Heavy menstrual bleeding  

Description of Heavy menstrual bleeding

Description


Menorrhagia (heavy menstrual bleeding) is defined as excessive and prolonged menstrual bleeding, occurring at regular intervals. Normal menstrual period lasts for 4 to 5 days with 25 to 80 ml of blood loss. Menorrhagia is said to occur when blood loss is greater than 80 ml or if the bleeding lasts for more than 7 days.

It is also commonly known as hypermenorrhea.

Causes and Risk Factors

The cause of menorrhagia is usually not identified. Some of the causes that may be associated with the problem include:

1. Ovarian endocrine disorder or dysfunctional uterine bleeding (DUB)

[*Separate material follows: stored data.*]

(* Let $\hat\Pi_t=\hat\sigma_t(M_t)$, $t=0,\dots,T$, be an approximate information state with parameters $\epsilon_t,\delta_t,\lambda_t$, and suppose that for each $t$ and each $\hat\pi_t\in[[\hat\Pi_t]]$ the infimum defining $\hat V_t(\hat\pi_t)$ is attained; let $\hat g_t^*(\hat\pi_t)\in\arg\min_{u_t\in[[U_t]]}\hat Q_t(\hat\pi_t,u_t)$ and $g_t^{\mathrm{ap}}(m_t):=\hat g_t^*(\hat\sigma_t(m_t))$. Define $\Lambda_{T+1}\equiv0$ and, for $t=T,\dots,0$, $m_t\in[[M_t]]$, $u_t\in[[U_t]]$, $$\Theta_t(m_t,u_t):=\max\Big\{\sup_{c\in[[C_t|m_t,u_t]]}c,\ \sup_{m_{t+1}\in[[M_{t+1}|m_t,u_t]]}\Lambda_{t+1}(m_{t+1})\Big\},\qquad \Lambda_t(m_t):=\Theta_t(m_t,g_t^{\mathrm{ap}}(m_t)).$$ For $t=0,\dots,T$ let $L_{\hat V_{t+1}}$ be a Lipschitz constant of $\hat V_{t+1}$ (with $L_{\hat V_{T+1}}=0$), and let $\alpha_{T+1}:=0$, $\alpha_t:=\max(\epsilon_t,\alpha_{t+1}+L_{\hat V_{t+1}}\delta_t)$. Then for all $t=0,\dots,T$, $m_t\in[[M_t]]$, $u_t\in[[U_t]]$: $$|Q_t(m_t,u_t)-\Theta_t(m_t,u_t)|\le2\alpha_t,\qquad |V_t(m_t)-\Lambda_t(m_t)|\le2\alpha_t.$$
   Context: Uncertain variables: fix a sample space $\Omega$; an uncertain variable with values in a set $\mathcal{X}$ is a map $X:\Omega\to\mathcal{X}$, with marginal range $[[X]]:=\{X(\omega):\omega\in\Omega\}$; uncertain variables are independent if their joint range is the product of their marginal ranges. Hausdorff distance: for nonempty subsets $\mathcal{A},\mathcal{B}$ of a metric space $(\mathcal{S},\eta)$, $\mathcal{H}(\mathcal{A},\mathcal{B}):=\max\{\sup_{a\in\mathcal{A}}\inf_{b\in\mathcal{B}}\eta(a,b),\sup_{b\in\mathcal{B}}\inf_{a\in\mathcal{A}}\eta(a,b)\}$. A function $f:\mathcal{X}\to\mathcal{Y}$ between metric spaces is $L$-invertible if there is $L_{f^{-1}}\ge0$ with $\mathcal{H}(f^{-1}(y^1),f^{-1}(y^2))\le L_{f^{-1}}\eta(y^1,y^2)$ for all $y^1,y^2$. System: horizon $T\in\mathbb{N}$. For $t=0,\dots,T$ there are independent disturbances $W_t\in\mathcal{W}_t$, actions $U_t\in\mathcal{U}_t$ taking values in a given set $[[U_t]]\subseteq\mathcal{U}_t$, observations $Y_0=h_0(W_0)$, $Y_{t+1}=h_{t+1}(W_{0:t},U_{0:t})$, and costs $C_t=d_t(W_{0:t},U_{0:t})\in\mathcal{C}_t\subset\mathbb{R}_{\ge0}$. Standing assumptions: $\mathcal{U}_t,\mathcal{W}_t,\mathcal{Y}_t$ are bounded subsets of a metric space $(\mathcal{S},\eta)$ (product spaces carry a metric also denoted $\eta$), the $\mathcal{C}_t$ are bounded subsets of $\mathbb{R}_{\ge0}$, each $h_t$ is Lipschitz and $L$-invertible, each $d_t$ is Lipschitz. The memory is $M_t=(Y_{0:t},U_{0:t-1})\in\mathcal{M}_t:=\prod_{\ell=0}^t\mathcal{Y}_\ell\times\prod_{\ell=0}^{t-1}\mathcal{U}_\ell$. Strategy-independent ranges: for $m_t=(y_{0:t},u_{0:t-1})$ let $\mathcal{W}(m_t)$ be the set of $w_{0:t}\in\prod_{\ell=0}^t[[W_\ell]]$ with $y_0=h_0(w_0)$ and $y_\ell=h_\ell(w_{0:\ell-1},u_{0:\ell-1})$ for $\ell=1,\dots,t$. Let $[[M_t]]$ be the set of such $m_t$ with $u_\ell\in[[U_\ell]]$ and $\mathcal{W}(m_t)\neq\emptyset$. For $m_t\in[[M_t]]$, $u_t\in[[U_t]]$: $[[C_t|m_t,u_t]]:=\{d_t(w_{0:t},u_{0:t}):w_{0:t}\in\mathcal{W}(m_t)\}$, $[[Y_{t+1}|m_t,u_t]]:=\{h_{t+1}(w_{0:t},u_{0:t}):w_{0:t}\in\mathcal{W}(m_t)\}$, $[[M_{t+1}|m_t,u_t]]:=\{(m_t,u_t,y_{t+1}):y_{t+1}\in[[Y_{t+1}|m_t,u_t]]\}$. For functions $\hat\sigma_t$ on $\mathcal{M}_t$ and $\hat\Pi_t=\hat\sigma_t(M_t)$: $[[\hat\Pi_t]]:=\hat\sigma_t([[M_t]])$, $[[M_t|\hat\pi_t]]:=\{m_t\in[[M_t]]:\hat\sigma_t(m_t)=\hat\pi_t\}$, $[[\hat\Pi_{t+1}|m_t,u_t]]:=\{\hat\sigma_{t+1}(m_{t+1}):m_{t+1}\in[[M_{t+1}|m_t,u_t]]\}$, and for $Z\in\{C_t,Y_{t+1},\hat\Pi_{t+1}\}$, $[[Z|\hat\pi_t,u_t]]:=\bigcup_{m_t\in[[M_t|\hat\pi_t]]}[[Z|m_t,u_t]]$. Memory-based DP: $V_{T+1}\equiv0$ and for $t=T,\dots,0$, $Q_t(m_t,u_t):=\max\{\sup_{c\in[[C_t|m_t,u_t]]}c,\ \sup_{m_{t+1}\in[[M_{t+1}|m_t,u_t]]}V_{t+1}(m_{t+1})\}$, $V_t(m_t):=\inf_{u_t\in[[U_t]]}Q_t(m_t,u_t)$. Approximate information state: $\hat\Pi_t=\hat\sigma_t(M_t)$ with $L$-invertible $\hat\sigma_t:\mathcal{M}_t\to\hat{\mathcal{P}}_t$, $\hat{\mathcal{P}}_t$ bounded with metric $\eta$, such that for each $t=0,\dots,T$ there are $\epsilon_t,\delta_t,\lambda_t\ge0$ with, for all $m_t\in[[M_t]]$, $u_t\in[[U_t]]$: (1) $|\sup_{c\in[[C_t|m_t,u_t]]}c-\sup_{c\in[[C_t|\hat\sigma_t(m_t),u_t]]}c|\le\epsilon_t$; (2) $\mathcal{H}([[\hat\Pi_{t+1}|m_t,u_t]],[[\hat\Pi_{t+1}|\hat\sigma_t(m_t),u_t]])\le\delta_t$; (3) for all $\hat\pi_t^1,\hat\pi_t^2\in[[\hat\Pi_t]]$, $\mathcal{H}([[\hat\Pi_{t+1}|\hat\pi_t^1,u_t]],[[\hat\Pi_{t+1}|\hat\pi_t^2,u_t]])\le\lambda_t\,\eta(\hat\pi_t^1,\hat\pi_t^2)$. Approximate DP: $\hat V_{T+1}\equiv0$ and for $t=T,\dots,0$, $\hat\pi_t\in[[\hat\Pi_t]]$, $u_t\in[[U_t]]$: $\hat Q_t(\hat\pi_t,u_t):=\max\{\sup_{c\in[[C_t|\hat\pi_t,u_t]]}c,\ \sup_{\hat\pi_{t+1}\in[[\hat\Pi_{t+1}|\hat\pi_t,u_t]]}\hat V_{t+1}(\hat\pi_{t+1})\}$, $\hat V_t(\hat\pi_t):=\inf_{u_t\in[[U_t]]}\hat Q_t(\hat\pi_t,u_t)$. (Each $\hat V_t$ is Lipschitz on $[[\hat\Pi_t]]$.) *)

theory Defs
  imports "HOL-Analysis.Analysis"
begin

text \<open>A memory m_t = (y_{0:t}, u_{0:t-1}) is represented as a pair of lists.
  Disturbance/action sequences w_{0:t}, u_{0:t} are lists as well.\<close>

type_synonym 'a mem = "'a list \<times> 'a list"

definition ldist :: "('a::metric_space) list \<Rightarrow> 'a list \<Rightarrow> real" where
  "ldist xs ys = foldr max (map (\<lambda>(x, y). dist x y) (zip xs ys)) 0"

definition pdist :: "('a::metric_space) mem \<Rightarrow> 'a mem \<Rightarrow> real" where
  "pdist p q = max (ldist (fst p) (fst q)) (ldist (snd p) (snd q))"

definition hdist :: "('b \<Rightarrow> 'b \<Rightarrow> real) \<Rightarrow> 'b set \<Rightarrow> 'b set \<Rightarrow> real" where
  "hdist eta A B = max (SUP a\<in>A. INF b\<in>B. eta a b) (SUP b\<in>B. INF a\<in>A. eta a b)"

definition lipschitz_wrt :: "('b \<Rightarrow> 'b \<Rightarrow> real) \<Rightarrow> ('c \<Rightarrow> 'c \<Rightarrow> real) \<Rightarrow> 'b set \<Rightarrow> ('b \<Rightarrow> 'c) \<Rightarrow> bool" where
  "lipschitz_wrt etaX etaY D f \<longleftrightarrow> (\<exists>L\<ge>0. \<forall>x\<in>D. \<forall>x'\<in>D. etaY (f x) (f x') \<le> L * etaX x x')"

definition L_invertible :: "('b \<Rightarrow> 'b \<Rightarrow> real) \<Rightarrow> ('c \<Rightarrow> 'c \<Rightarrow> real) \<Rightarrow> 'b set \<Rightarrow> ('b \<Rightarrow> 'c) \<Rightarrow> bool" where
  "L_invertible etaX etaY D f \<longleftrightarrow>
     (\<exists>L\<ge>0. \<forall>y1\<in>f ` D. \<forall>y2\<in>f ` D.
        hdist etaX {x\<in>D. f x = y1} {x\<in>D. f x = y2} \<le> L * etaY y1 y2)"

definition ProdL :: "(nat \<Rightarrow> 'a set) \<Rightarrow> nat \<Rightarrow> 'a list set" where
  "ProdL S n = {xs. length xs = n \<and> (\<forall>i<n. xs ! i \<in> S i)}"

definition hdom :: "(nat \<Rightarrow> 'a set) \<Rightarrow> (nat \<Rightarrow> 'a set) \<Rightarrow> nat \<Rightarrow> 'a mem set" where
  "hdom Wsp Usp t = (if t = 0 then ProdL Wsp 1 \<times> {[]} else ProdL Wsp t \<times> ProdL Usp t)"

definition Msp :: "(nat \<Rightarrow> 'a set) \<Rightarrow> (nat \<Rightarrow> 'a set) \<Rightarrow> nat \<Rightarrow> 'a mem set" where
  "Msp Ysp Usp t = ProdL Ysp (Suc t) \<times> ProdL Usp t"

text \<open>W(m_t). Here h 0 is applied to ([w_0], []) and h l to (w_{0:l-1}, u_{0:l-1}).\<close>
definition Wm :: "(nat \<Rightarrow> 'a mem \<Rightarrow> 'a) \<Rightarrow> (nat \<Rightarrow> 'a set) \<Rightarrow> nat \<Rightarrow> 'a mem \<Rightarrow> 'a list set" where
  "Wm h Wr t m = (case m of (ys, us) \<Rightarrow>
     {ws \<in> ProdL Wr (Suc t). ys ! 0 = h 0 ([ws ! 0], []) \<and>
        (\<forall>l\<in>{1..t}. ys ! l = h l (take l ws, take l us))})"

definition Mset :: "(nat \<Rightarrow> 'a mem \<Rightarrow> 'a) \<Rightarrow> (nat \<Rightarrow> 'a set) \<Rightarrow> (nat \<Rightarrow> 'a set) \<Rightarrow> nat \<Rightarrow> 'a mem set" where
  "Mset h Wr Ur t = {(ys, us). length ys = Suc t \<and> us \<in> ProdL Ur t \<and> Wm h Wr t (ys, us) \<noteq> {}}"

definition Cset :: "(nat \<Rightarrow> 'a mem \<Rightarrow> 'a) \<Rightarrow> (nat \<Rightarrow> 'a set) \<Rightarrow> (nat \<Rightarrow> 'a mem \<Rightarrow> real) \<Rightarrow> nat \<Rightarrow> 'a mem \<Rightarrow> 'a \<Rightarrow> real set" where
  "Cset h Wr d t m u = (\<lambda>ws. d t (ws, snd m @ [u])) ` Wm h Wr t m"

definition Yset :: "(nat \<Rightarrow> 'a mem \<Rightarrow> 'a) \<Rightarrow> (nat \<Rightarrow> 'a set) \<Rightarrow> nat \<Rightarrow> 'a mem \<Rightarrow> 'a \<Rightarrow> 'a set" where
  "Yset h Wr t m u = (\<lambda>ws. h (Suc t) (ws, snd m @ [u])) ` Wm h Wr t m"

text \<open>[[M_{t+1} | m_t, u_t]]; (m_t, u_t, y_{t+1}) is (y_{0:t} @ [y_{t+1}], u_{0:t-1} @ [u_t]).\<close>
definition Mnext :: "(nat \<Rightarrow> 'a mem \<Rightarrow> 'a) \<Rightarrow> (nat \<Rightarrow> 'a set) \<Rightarrow> nat \<Rightarrow> 'a mem \<Rightarrow> 'a \<Rightarrow> 'a mem set" where
  "Mnext h Wr t m u = (\<lambda>y. (fst m @ [y], snd m @ [u])) ` Yset h Wr t m u"

definition PiR :: "(nat \<Rightarrow> 'a mem \<Rightarrow> 'a) \<Rightarrow> (nat \<Rightarrow> 'a set) \<Rightarrow> (nat \<Rightarrow> 'a set) \<Rightarrow> (nat \<Rightarrow> 'a mem \<Rightarrow> 'p) \<Rightarrow> nat \<Rightarrow> 'p set" where
  "PiR h Wr Ur \<sigma> t = \<sigma> t ` Mset h Wr Ur t"

definition MofPi :: "(nat \<Rightarrow> 'a mem \<Rightarrow> 'a) \<Rightarrow> (nat \<Rightarrow> 'a set) \<Rightarrow> (nat \<Rightarrow> 'a set) \<Rightarrow> (nat \<Rightarrow> 'a mem \<Rightarrow> 'p) \<Rightarrow> nat \<Rightarrow> 'p \<Rightarrow> 'a mem set" where
  "MofPi h Wr Ur \<sigma> t p = {m \<in> Mset h Wr Ur t. \<sigma> t m = p}"

definition PiNext :: "(nat \<Rightarrow> 'a mem \<Rightarrow> 'a) \<Rightarrow> (nat \<Rightarrow> 'a set) \<Rightarrow> (nat \<Rightarrow> 'a mem \<Rightarrow> 'p) \<Rightarrow> nat \<Rightarrow> 'a mem \<Rightarrow> 'a \<Rightarrow> 'p set" where
  "PiNext h Wr \<sigma> t m u = \<sigma> (Suc t) ` Mnext h Wr t m u"

definition CsetP :: "(nat \<Rightarrow> 'a mem \<Rightarrow> 'a) \<Rightarrow> (nat \<Rightarrow> 'a set) \<Rightarrow> (nat \<Rightarrow> 'a set) \<Rightarrow> (nat \<Rightarrow> 'a mem \<Rightarrow> real) \<Rightarrow> (nat \<Rightarrow> 'a mem \<Rightarrow> 'p) \<Rightarrow> nat \<Rightarrow> 'p \<Rightarrow> 'a \<Rightarrow> real set" where
  "CsetP h Wr Ur d \<sigma> t p u = (\<Union>m\<in>MofPi h Wr Ur \<sigma> t p. Cset h Wr d t m u)"

definition PiNextP :: "(nat \<Rightarrow> 'a mem \<Rightarrow> 'a) \<Rightarrow> (nat \<Rightarrow> 'a set) \<Rightarrow> (nat \<Rightarrow> 'a set) \<Rightarrow> (nat \<Rightarrow> 'a mem \<Rightarrow> 'p) \<Rightarrow> nat \<Rightarrow> 'p \<Rightarrow> 'a \<Rightarrow> 'p set" where
  "PiNextP h Wr Ur \<sigma> t p u = (\<Union>m\<in>MofPi h Wr Ur \<sigma> t p. PiNext h Wr \<sigma> t m u)"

2. Blood coagulation disorders: Immune thrombocytopenic purpura (ITP), von Willebrand disease

3. Drugs such as anticoagulants

4. Menopause

5. Intrauterine contraceptives devices

6. Uterine fibroids

7. Endometrial infection

8. Endometrial abnormalities, e.g., endometriosis, adenomyosis

9. Endometrial carcinoma (cancer of inner lining of uterus)

10. Excess anxiety, stress, and tension

Signs and Symptoms 

Common symptoms are:

1. Menstrual bleeding for more than 7 days

2. Excessive bleeding that may soak one or more sanitary pads every hour for a number of hours

3. Shortness of breath, tiredness, fatigue during menstrual period

4. Large blood clots during menstrual period

Investigations

Investigations include:

1. Pelvic and rectal examination (for any abnormality or cause of bleeding)

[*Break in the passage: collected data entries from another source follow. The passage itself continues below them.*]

lemma canonical_embedding_from_sorted_list:
  assumes len: "length xs = 3 * T + 1" and sorted: "sorted_wrt (<) xs" and sub: "set xs \<subseteq> {..<m}"
    and hom: "\<And>i j. i < j \<Longrightarrow> j \<le> 3 * T \<Longrightarrow> pair_pattern c (xs ! i) (xs ! j) = t"
  shows "canonical_embedding m T c (\<lambda>(p, r). (p, xs ! column T p r))"
  unfolding canonical_embedding_def prod.case
proof (intro conjI inj_onI ballI allI impI)
  fix u v assume u: "u \<in> {1..5} \<times> {..<T}" and v: "v \<in> {1..5} \<times> {..<T}"
    and eq: "(\<lambda>(p, r). (p, xs ! column T p r)) u = (\<lambda>(p, r). (p, xs ! column T p r)) v"
  obtain p r q s where uv: "u = (p, r)" "v = (q, s)" by fastforce
  have "(p, xs ! column T p r) = (q, xs ! column T q s)" using eq unfolding uv prod.case .
  then have "p = q" and xs_eq: "xs ! column T p r = xs ! column T p s" by auto
  have "p \<in> {1..5}" "r < T" "s < T" using u v \<open>p = q\<close> by (simp_all add: uv)
  then have "column T p r < length xs" "column T p s < length xs"
    using column_less_3T len by fastforce+
  moreover have "distinct xs" using sorted by (simp add: strict_sorted_iff)
  ultimately have "column T p r = column T p s" using xs_eq by (simp add: nth_eq_iff_index_eq)
  then show "u = v" using \<open>p = q\<close> by (simp add: uv column_def)
next
  fix p q r s
  assume p: "p \<in> {1..5}" and q: "q \<in> {1..5}" and "r < T" "s < T" "p \<noteq> q"
    and adj: "block p \<noteq> block q \<or> r = s"
  have "xs ! column T p r \<in> set xs" "xs ! column T q s \<in> set xs"
    using column_less_3T[OF p \<open>r < T\<close>] column_less_3T[OF q \<open>s < T\<close>] len by simp_all
  then have "xs ! column T p r < m" "xs ! column T q s < m" using sub by auto
  moreover have "block p = block q \<Longrightarrow> xs ! column T p r = xs ! column T q s"
    using adj by (simp add: column_def)
  ultimately show "{(p, xs ! column T p r), (q, xs ! column T q s)} \<in> H_E m"
    using doubleton_in_H_E[OF p q \<open>p \<noteq> q\<close>] by simp
  show "c {(p, xs ! column T p r), (q, xs ! column T q s)} =
      c {(p, xs ! column T p 0), (q, xs ! column T q 0)}"
    by (rule homogeneous_colour_from_sorted_list[OF hom p q adj \<open>r < T\<close> \<open>s < T\<close>])
qed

2. Pelvic ultrasound (to check for any structural abnormality)

3. Pap smear (scrapings of cells from inner lining of cervix are examined microscopically for any cancerous changes)

4. Endometrial biopsy (to rule out atypical hyperplasia or endometrial cancer)

5. Hysteroscopy (endoscopic examination of uterine cavity)

6. Bleeding time and coagulation tests

7. Platelet function studies

8. D&C (dilation and curettage) operation — done to collect scrapings from the inner wall of uterus, which is then examined microscopically for any hormonal abnormality/disorders.

Treatment

1. In mild cases with less bleeding, no treatment is usually required.

2. All patients with menorrhagia are advised bed rest, to avoid exertion, vigorous exercise, anxiety, and tension.

3. Medications

Prognosis

Prognosis is generally good if the diagnosis and treatment are adequate.